The influential LLM model milestone to come to light that popularized to some degree the cascade of generative models was the GPT-1 with decoder architecture and eventually followed into GPT-3. Since then, there has been a trend for LLM models to be more decoder focused. Other models that have played significant roles include: Bert, Transformer-XL, ELMo, ULMFiT, and LaMDA. T5 has been one of the few exceptions for an encoder-decoder architecture. You would wonder why this is the case.
Why Decoders Dominate:
- Autoregressive Generation: Decoders are good at predicting next item in a sequence. This autoregressive approach is fundamental to generation for coherence and novel content.
- Sequential Processing: Decoders process information step-by-step building on past generations which gives them long-range dependency capabilities to create complex and structured outputs.
- Task-Specific Optimization: They can handle complexities in grammar, semantics, and context.
- Simplified Training: Decoder-only models are simpler to train as they only need to learn the conditional probability distribution of next token given the previous ones. No need for a separate encoding step.

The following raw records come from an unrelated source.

(* If $A,B\in\mathcal T_{n,d}$ are block Toeplitz matrices with $A\intercal B$, then $\mathbf E_i(A)\intercal\mathbf E_j(B)$ for all $i,j\in\{0,\dots,n-1\}$.
   Context: $\mathcal T_{n,d}$ is the set of $n\times n$ block Toeplitz matrices $A=(A_{i-j})_{i,j=0}^{n-1}$ with entries $A_m\in\mathcal M_d(\mathbb C)$. For block Toeplitz $A,B$, write $A\intercal B$ if $AB$ is block Toeplitz. For $k=0,\dots,n-1$, $\mathbf E_k$ is the map on $n\times n$ block matrices such that the $(i,j)$ block entry of $\mathbf E_k(T)$ equals $T_{i,j}$ if $i-j=k$ or $i-j=k-n$, and $0$ otherwise. *)

theory Defs
  imports "HOL-Analysis.Analysis"
begin

text \<open>An n x n block matrix with d x d complex blocks is represented as a function
  T :: nat => nat => complex^'d^'d; only the entries T i j with i, j < n matter.\<close>

type_synonym 'd bmat = "nat \<Rightarrow> nat \<Rightarrow> complex^'d^'d"

definition bmult :: "nat \<Rightarrow> 'd::finite bmat \<Rightarrow> 'd bmat \<Rightarrow> 'd bmat" where
  "bmult n A B = (\<lambda>i j. \<Sum>k<n. A i k ** B k j)"

definition block_toeplitz :: "nat \<Rightarrow> 'd::finite bmat \<Rightarrow> bool" where
  "block_toeplitz n T \<longleftrightarrow>
     (\<exists>a :: int \<Rightarrow> complex^'d^'d. \<forall>i<n. \<forall>j<n. T i j = a (int i - int j))"

definition toep_comm :: "nat \<Rightarrow> 'd::finite bmat \<Rightarrow> 'd bmat \<Rightarrow> bool" where
  "toep_comm n A B \<longleftrightarrow> block_toeplitz n A \<and> block_toeplitz n B \<and> block_toeplitz n (bmult n A B)"

definition Ek :: "nat \<Rightarrow> nat \<Rightarrow> 'd::finite bmat \<Rightarrow> 'd bmat" where
  "Ek n k T = (\<lambda>i j. if i < n \<and> j < n \<and> (int i - int j = int k \<or> int i - int j = int k - int n)
                      then T i j else 0)"

end

theory Submission
  imports Defs
begin

text \<open>A block matrix is block Toeplitz iff it is invariant under the diagonal shift
  (i, j) \<mapsto> (i+1, j+1). Comparing the sums for (AB)_{i+1,j+1} and (AB)_{i,j} term by term,
  for block Toeplitz A and B the product AB is block Toeplitz iff the boundary identity
  A_{i+1,0} B_{0,j+1} = A_{i,n-1} B_{n-1,j} holds for all i, j < n-1. The blocks A_{i+1,0}
  and A_{i,n-1} lie on the same wrapped diagonal (i+1 \<equiv> i-(n-1) mod n), and likewise
  B_{0,j+1} and B_{n-1,j}; hence passing to E_k(A) and E_l(B) either leaves both sides of
  the identity unchanged or makes both vanish.\<close>

definition shift_invariant :: "nat \<Rightarrow> 'd::finite bmat \<Rightarrow> bool" where
  "shift_invariant n T \<longleftrightarrow> (\<forall>i j. Suc i < n \<longrightarrow> Suc j < n \<longrightarrow> T (Suc i) (Suc j) = T i j)"

definition corner_identity :: "nat \<Rightarrow> 'd::finite bmat \<Rightarrow> 'd bmat \<Rightarrow> bool" where
  "corner_identity n A B \<longleftrightarrow>
     (\<forall>i j. Suc i < n \<longrightarrow> Suc j < n \<longrightarrow> A (Suc i) 0 ** B 0 (Suc j) = A i (n - 1) ** B (n - 1) j)"

lemma shift_invariant_diagonal:
  assumes "shift_invariant n T" and "i + k < n" and "j + k < n"
  shows "T (i + k) (j + k) = T i j"
  using assms(2,3)
proof (induction k)
  case (Suc k)
  then have "T (i + Suc k) (j + Suc k) = T (i + k) (j + k)"
    using assms(1) unfolding shift_invariant_def by simp
  then show ?case using Suc by simp
qed simp

lemma block_toeplitz_iff_shift_invariant: "block_toeplitz n T \<longleftrightarrow> shift_invariant n T"
proof
  assume "block_toeplitz n T"
  then obtain a where "\<forall>i<n. \<forall>j<n. T i j = a (int i - int j)"
    unfolding block_toeplitz_def by blast
  then show "shift_invariant n T" unfolding shift_invariant_def by simp
next
  assume shift: "shift_invariant n T"
  define a where "a m = (if m \<ge> 0 then T (nat m) 0 else T 0 (nat (- m)))" for m :: int
  have "T i j = a (int i - int j)" if ij: "i < n" "j < n" for i j
  proof (cases "j \<le> i")
    case True
    then have "T i j = T (i - j) 0"
      using shift_invariant_diagonal[OF shift, of "i - j" j 0] ij by simp
    then show ?thesis using True unfolding a_def by (simp add: nat_diff_distrib)
  next
    case False
    then have "T i j = T 0 (j - i)"
      using shift_invariant_diagonal[OF shift, of 0 i "j - i"] ij by simp
    then show ?thesis using False unfolding a_def by (simp add: nat_diff_distrib)
  qed
  then show "block_toeplitz n T" unfolding block_toeplitz_def by blast
qed

lemma bmult_Suc_Suc:
  assumes A: "shift_invariant n A" and B: "shift_invariant n B"
    and i: "Suc i < n" and j: "Suc j < n"
  shows "bmult n A B (Suc i) (Suc j) + A i (n - 1) ** B (n - 1) j
       = bmult n A B i j + A (Suc i) 0 ** B 0 (Suc j)"
proof -
  obtain m where n: "n = Suc m" using i by (cases n) auto
  have inner: "(\<Sum>k<m. A (Suc i) (Suc k) ** B (Suc k) (Suc j)) = (\<Sum>k<m. A i k ** B k j)"
    using A B i j n unfolding shift_invariant_def by (intro sum.cong) auto
  have "bmult n A B (Suc i) (Suc j) = A (Suc i) 0 ** B 0 (Suc j) + (\<Sum>k<m. A i k ** B k j)"
    unfolding bmult_def n sum.lessThan_Suc_shift using inner by simp
  moreover have "bmult n A B i j = (\<Sum>k<m. A i k ** B k j) + A i m ** B m j"
    unfolding bmult_def n by simp
  ultimately show ?thesis using n by (simp add: algebra_simps)
qed

lemma shift_invariant_bmult_iff:
  assumes "shift_invariant n A" and "shift_invariant n B"
  shows "shift_invariant n (bmult n A B) \<longleftrightarrow> corner_identity n A B"
  using bmult_Suc_Suc[OF assms]
  unfolding shift_invariant_def corner_identity_def
  by (metis add_left_cancel add.commute)

lemma shift_invariant_Ek:
  assumes "shift_invariant n T"
  shows "shift_invariant n (Ek n k T)"
  using assms unfolding shift_invariant_def Ek_def by auto

lemma corner_identity_Ek:
  assumes "corner_identity n A B" and k: "k < n" and l: "l < n"
  shows "corner_identity n (Ek n k A) (Ek n l B)"
  unfolding corner_identity_def
proof (intro allI impI)
  fix i j assume i: "Suc i < n" and j: "Suc j < n"
  show "Ek n k A (Suc i) 0 ** Ek n l B 0 (Suc j) = Ek n k A i (n - 1) ** Ek n l B (n - 1) j"
  proof (cases "Suc i = k \<and> Suc j = n - l")
    case True
    then have "Ek n k A (Suc i) 0 = A (Suc i) 0" "Ek n l B 0 (Suc j) = B 0 (Suc j)"
      "Ek n k A i (n - 1) = A i (n - 1)" "Ek n l B (n - 1) j = B (n - 1) j"
      using i j k l unfolding Ek_def by auto
    then show ?thesis using assms(1) i j unfolding corner_identity_def by simp
  next
    case False
    then consider "Suc i \<noteq> k" | "Suc j \<noteq> n - l" by blast
    then show ?thesis
    proof cases
      case 1
      then have "Ek n k A (Suc i) 0 = 0" "Ek n k A i (n - 1) = 0"
        using i k unfolding Ek_def by auto
      then show ?thesis by simp
    next
      case 2
      then have "Ek n l B 0 (Suc j) = 0" "Ek n l B (n - 1) j = 0"
        using j l unfolding Ek_def by auto
      then show ?thesis by simp
    qed
  qed
qed

theorem lemma4p1:
  fixes A B :: "'d::finite bmat" and n :: nat
  assumes "toep_comm n A B"
  shows "\<forall>i<n. \<forall>j<n. toep_comm n (Ek n i A) (Ek n j B)"
proof (intro allI impI)
  fix k l assume k: "k < n" and l: "l < n"
  have A: "shift_invariant n A" and B: "shift_invariant n B"
    and "shift_invariant n (bmult n A B)"
    using assms unfolding toep_comm_def block_toeplitz_iff_shift_invariant by auto
  then have "corner_identity n A B" using shift_invariant_bmult_iff by blast
  then have "corner_identity n (Ek n k A) (Ek n l B)" using corner_identity_Ek k l by blast
  moreover have "shift_invariant n (Ek n k A)" "shift_invariant n (Ek n l B)"
    using shift_invariant_Ek A B by auto
  ultimately show "toep_comm n (Ek n k A) (Ek n l B)"
    unfolding toep_comm_def block_toeplitz_iff_shift_invariant
    using shift_invariant_bmult_iff by blast
qed

end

- Focus on Sequence-to-Sequence Tasks: Early successes on sequence-to-sequence tasks showed that for generation tasks the decoder component was most important and the computationally expensive aspect.
- Efficiency: For tasks that mainly require generating new content, you could achieve comparable or better results with just a decoder-only model and with less computational cost.
- Attention is All You Need: Decoders, by their nature, already used self-attention and adapting to a decoder-only setup was straightforward and highly effective.
- Scalability: Decoder-only Transformers scale well paving the way for very large models to generate highly coherent and creative text
- Computational Cost: Training encoder-decoder models is more expensive and often prohibitive especially for companies on limited budgets.
- Performance Gains: For generative tasks, performance gains were not seen as substantial with the introduction of an encoder step to justify the additional computational cost.
The Role of Encoders: While decoders are used for generation, encoders are used for understanding and representation of inputs.
- Contextual Understanding: Encoders provide for rich representations and capture meaning and context that enables better relevancy to decoder generation tasks.
- Feature Extraction: Encoders extract key features which the decoder can then use to generate context-specific output.
Gemini and T5: These models use both encoder and decoder architectures as a balance for better context understanding and generation.
- T5: This model takes in input and output as texts in a unified architecture where the encoder understands the input and the decoder generates the output.
- Gemini: This model supports multiple modalities where the encoder provides understanding and representation from various modalities and generates a more context-specific output in a specific modality.
GPT Recap
- GPT-1 (2018): demonstrated potential of decoder-only transformer architecture with 117 million parameters
- GPT-2 (2019): scaled up with 1.5 billion parameters, this increase led to improvements in text generation quality and coherence, raising concerns for misuse
- GPT-3 (2020): massive step forward with 175 billion parameters, scale up achieved greater performance, wider coverage on NLP tasks for text generation, translation, and few-shot learning
Throughout this process training techniques and model architectures were improved. Eventually, this effort shaped the advancements of LLM and the trend towards more versatile models.